The entries that follow need to be retyped verbatim.

○ ○ ○ ○ ○

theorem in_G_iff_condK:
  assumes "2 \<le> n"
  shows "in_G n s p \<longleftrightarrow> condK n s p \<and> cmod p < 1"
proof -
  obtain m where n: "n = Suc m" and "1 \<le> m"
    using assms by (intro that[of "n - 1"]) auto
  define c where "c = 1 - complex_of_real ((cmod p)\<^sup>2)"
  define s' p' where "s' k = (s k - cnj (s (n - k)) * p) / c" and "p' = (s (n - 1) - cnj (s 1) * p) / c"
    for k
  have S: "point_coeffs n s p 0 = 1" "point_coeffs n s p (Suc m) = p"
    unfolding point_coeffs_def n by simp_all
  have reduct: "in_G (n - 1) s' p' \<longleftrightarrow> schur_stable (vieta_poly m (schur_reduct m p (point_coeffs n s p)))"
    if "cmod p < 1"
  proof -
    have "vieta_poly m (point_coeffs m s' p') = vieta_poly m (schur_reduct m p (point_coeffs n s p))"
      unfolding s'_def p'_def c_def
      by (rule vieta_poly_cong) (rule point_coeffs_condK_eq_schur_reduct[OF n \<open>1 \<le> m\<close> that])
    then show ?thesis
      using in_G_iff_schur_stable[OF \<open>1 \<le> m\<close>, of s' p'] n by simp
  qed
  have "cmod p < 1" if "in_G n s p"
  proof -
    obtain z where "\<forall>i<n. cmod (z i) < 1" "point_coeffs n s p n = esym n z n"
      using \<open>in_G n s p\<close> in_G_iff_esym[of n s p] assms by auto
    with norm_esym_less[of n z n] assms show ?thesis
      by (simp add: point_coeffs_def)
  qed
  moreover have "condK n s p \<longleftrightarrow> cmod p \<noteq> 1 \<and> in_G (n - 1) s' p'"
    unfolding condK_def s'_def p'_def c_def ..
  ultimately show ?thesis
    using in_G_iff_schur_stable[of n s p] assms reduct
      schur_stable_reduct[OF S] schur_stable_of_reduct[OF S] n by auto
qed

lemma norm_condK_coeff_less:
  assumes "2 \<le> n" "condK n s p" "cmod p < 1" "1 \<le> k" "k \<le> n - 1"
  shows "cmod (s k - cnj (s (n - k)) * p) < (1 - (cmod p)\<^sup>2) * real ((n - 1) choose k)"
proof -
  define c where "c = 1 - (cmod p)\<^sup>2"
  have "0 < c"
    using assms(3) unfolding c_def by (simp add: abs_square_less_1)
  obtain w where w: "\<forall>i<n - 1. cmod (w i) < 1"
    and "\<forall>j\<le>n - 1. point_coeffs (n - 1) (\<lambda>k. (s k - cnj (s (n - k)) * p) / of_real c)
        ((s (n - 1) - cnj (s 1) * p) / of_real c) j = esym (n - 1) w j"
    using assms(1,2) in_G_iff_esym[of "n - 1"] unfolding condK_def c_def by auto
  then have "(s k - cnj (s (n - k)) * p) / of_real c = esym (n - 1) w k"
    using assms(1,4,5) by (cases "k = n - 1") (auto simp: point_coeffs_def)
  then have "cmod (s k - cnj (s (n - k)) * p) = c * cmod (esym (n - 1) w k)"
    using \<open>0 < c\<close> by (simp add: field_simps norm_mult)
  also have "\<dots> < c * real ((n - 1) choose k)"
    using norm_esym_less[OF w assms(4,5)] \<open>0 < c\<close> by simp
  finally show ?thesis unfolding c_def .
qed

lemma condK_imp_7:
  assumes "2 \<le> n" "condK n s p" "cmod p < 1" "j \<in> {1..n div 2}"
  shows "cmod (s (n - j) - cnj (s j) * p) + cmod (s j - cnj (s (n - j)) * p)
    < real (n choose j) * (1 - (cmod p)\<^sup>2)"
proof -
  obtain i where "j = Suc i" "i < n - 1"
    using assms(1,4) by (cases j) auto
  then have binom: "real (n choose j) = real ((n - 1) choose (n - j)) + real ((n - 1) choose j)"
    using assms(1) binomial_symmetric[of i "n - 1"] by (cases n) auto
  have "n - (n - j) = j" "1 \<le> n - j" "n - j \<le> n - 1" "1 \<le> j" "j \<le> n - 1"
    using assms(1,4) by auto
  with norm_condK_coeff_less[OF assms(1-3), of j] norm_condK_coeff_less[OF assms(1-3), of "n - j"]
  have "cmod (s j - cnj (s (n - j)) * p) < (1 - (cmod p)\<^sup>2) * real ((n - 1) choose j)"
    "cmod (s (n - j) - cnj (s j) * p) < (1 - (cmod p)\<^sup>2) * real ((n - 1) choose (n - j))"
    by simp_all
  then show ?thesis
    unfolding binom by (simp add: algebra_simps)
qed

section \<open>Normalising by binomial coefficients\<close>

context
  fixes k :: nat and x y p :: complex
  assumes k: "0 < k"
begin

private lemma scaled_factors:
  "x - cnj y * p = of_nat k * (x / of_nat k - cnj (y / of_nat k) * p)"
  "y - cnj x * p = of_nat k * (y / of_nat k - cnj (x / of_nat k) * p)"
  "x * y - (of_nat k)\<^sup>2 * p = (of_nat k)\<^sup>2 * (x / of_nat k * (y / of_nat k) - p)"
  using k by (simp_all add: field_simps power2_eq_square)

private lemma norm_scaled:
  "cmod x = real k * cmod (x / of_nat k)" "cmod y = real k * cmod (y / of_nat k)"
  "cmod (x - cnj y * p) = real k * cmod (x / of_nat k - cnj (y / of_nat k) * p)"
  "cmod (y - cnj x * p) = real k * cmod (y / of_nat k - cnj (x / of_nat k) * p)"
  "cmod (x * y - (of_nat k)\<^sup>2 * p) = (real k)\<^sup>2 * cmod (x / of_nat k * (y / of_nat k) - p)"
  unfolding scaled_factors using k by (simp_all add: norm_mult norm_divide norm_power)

○ ○ ○ ○ ○

OUTPUT OF THE EXERCISE —
theorem in_G_iff_condK:
  assumes "2 \<le> n"
  shows "in_G n s p \<longleftrightarrow> condK n s p \<and> cmod p < 1"
proof -
  obtain m where n: "n = Suc m" and "1 \<le> m"
    using assms by (intro that[of "n - 1"]) auto
  define c where "c = 1 - complex_of_real ((cmod p)\<^sup>2)"
  define s' p' where "s' k = (s k - cnj (s (n - k)) * p) / c" and "p' = (s (n - 1) - cnj (s 1) * p) / c"
    for k
  have S: "point_coeffs n s p 0 = 1" "point_coeffs n s p (Suc m) = p"
    unfolding point_coeffs_def n by simp_all
  have reduct: "in_G (n - 1) s' p' \<longleftrightarrow> schur_stable (vieta_poly m (schur_reduct m p (point_coeffs n s p)))"
    if "cmod p < 1"
  proof -
    have "vieta_poly m (point_coeffs m s' p') = vieta_poly m (schur_reduct m p (point_coeffs n s p))"
      unfolding s'_def p'_def c_def
      by (rule vieta_poly_cong) (rule point_coeffs_condK_eq_schur_reduct[OF n \<open>1 \<le> m\<close> that])
    then show ?thesis
      using in_G_iff_schur_stable[OF \<open>1 \<le> m\<close>, of s' p'] n by simp
  qed
  have "cmod p < 1" if "in_G n s p"
  proof -
    obtain z where "\<forall>i<n. cmod (z i) < 1" "point_coeffs n s p n = esym n z n"
      using \<open>in_G n s p\<close> in_G_iff_esym[of n s p] assms by auto
    with norm_esym_less[of n z n] assms show ?thesis
      by (simp add: point_coeffs_def)
  qed
  moreover have "condK n s p \<longleftrightarrow> cmod p \<noteq> 1 \<and> in_G (n - 1) s' p'"
    unfolding condK_def s'_def p'_def c_def ..
  ultimately show ?thesis
    using in_G_iff_schur_stable[of n s p] assms reduct
      schur_stable_reduct[OF S] schur_stable_of_reduct[OF S] n by auto
qed

lemma norm_condK_coeff_less:
  assumes "2 \<le> n" "condK n s p" "cmod p < 1" "1 \<le> k" "k \<le> n - 1"
  shows "cmod (s k - cnj (s (n - k)) * p) < (1 - (cmod p)\<^sup>2) * real ((n - 1) choose k)"
proof -
  define c where "c = 1 - (cmod p)\<^sup>2"
  have "0 < c"
    using assms(3) unfolding c_def by (simp add: abs_square_less_1)
  obtain w where w: "\<forall>i<n - 1. cmod (w i) < 1"
    and "\<forall>j\<le>n - 1. point_coeffs (n - 1) (\<lambda>k. (s k - cnj (s (n - k)) * p) / of_real c)
        ((s (n - 1) - cnj (s 1) * p) / of_real c) j = esym (n - 1) w j"
    using assms(1,2) in_G_iff_esym[of "n - 1"] unfolding condK_def c_def by auto
  then have "(s k - cnj (s (n - k)) * p) / of_real c = esym (n - 1) w k"
    using assms(1,4,5) by (cases "k = n - 1") (auto simp: point_coeffs_def)
  then have "cmod (s k - cnj (s (n - k)) * p) = c * cmod (esym (n - 1) w k)"
    using \<open>0 < c\<close> by (simp add: field_simps norm_mult)
  also have "\<dots> < c * real ((n - 1) choose k)"
    using norm_esym_less[OF w assms(4,5)] \<open>0 < c\<close> by simp
  finally show ?thesis unfolding c_def .
qed

lemma condK_imp_7:
  assumes "2 \<le> n" "condK n s p" "cmod p < 1" "j \<in> {1..n div 2}"
  shows "cmod (s (n - j) - cnj (s j) * p) + cmod (s j - cnj (s (n - j)) * p)
    < real (n choose j) * (1 - (cmod p)\<^sup>2)"
proof -
  obtain i where "j = Suc i" "i < n - 1"
    using assms(1,4) by (cases j) auto
  then have binom: "real (n choose j) = real ((n - 1) choose (n - j)) + real ((n - 1) choose j)"
    using assms(1) binomial_symmetric[of i "n - 1"] by (cases n) auto
  have "n - (n - j) = j" "1 \<le> n - j" "n - j \<le> n - 1" "1 \<le> j" "j \<le> n - 1"
    using assms(1,4) by auto
  with norm_condK_coeff_less[OF assms(1-3), of j] norm_condK_coeff_less[OF assms(1-3), of "n - j"]
  have "cmod (s j - cnj (s (n - j)) * p) < (1 - (cmod p)\<^sup>2) * real ((n - 1) choose j)"
    "cmod (s (n - j) - cnj (s j) * p) < (1 - (cmod p)\<^sup>2) * real ((n - 1) choose (n - j))"
    by simp_all
  then show ?thesis
    unfolding binom by (simp add: algebra_simps)
qed

section \<open>Normalising by binomial coefficients\<close>

context
  fixes k :: nat and x y p :: complex
  assumes k: "0 < k"
begin

private lemma scaled_factors:
  "x - cnj y * p = of_nat k * (x / of_nat k - cnj (y / of_nat k) * p)"
  "y - cnj x * p = of_nat k * (y / of_nat k - cnj (x / of_nat k) * p)"
  "x * y - (of_nat k)\<^sup>2 * p = (of_nat k)\<^sup>2 * (x / of_nat k * (y / of_nat k) - p)"
  using k by (simp_all add: field_simps power2_eq_square)

private lemma norm_scaled:
  "cmod x = real k * cmod (x / of_nat k)" "cmod y = real k * cmod (y / of_nat k)"
  "cmod (x - cnj y * p) = real k * cmod (x / of_nat k - cnj (y / of_nat k) * p)"
  "cmod (y - cnj x * p) = real k * cmod (y / of_nat k - cnj (x / of_nat k) * p)"
  "cmod (x * y - (of_nat k)\<^sup>2 * p) = (real k)\<^sup>2 * cmod (x / of_nat k * (y / of_nat k) - p)"
  unfolding scaled_factors using k by (simp_all add: norm_mult norm_divide norm_power)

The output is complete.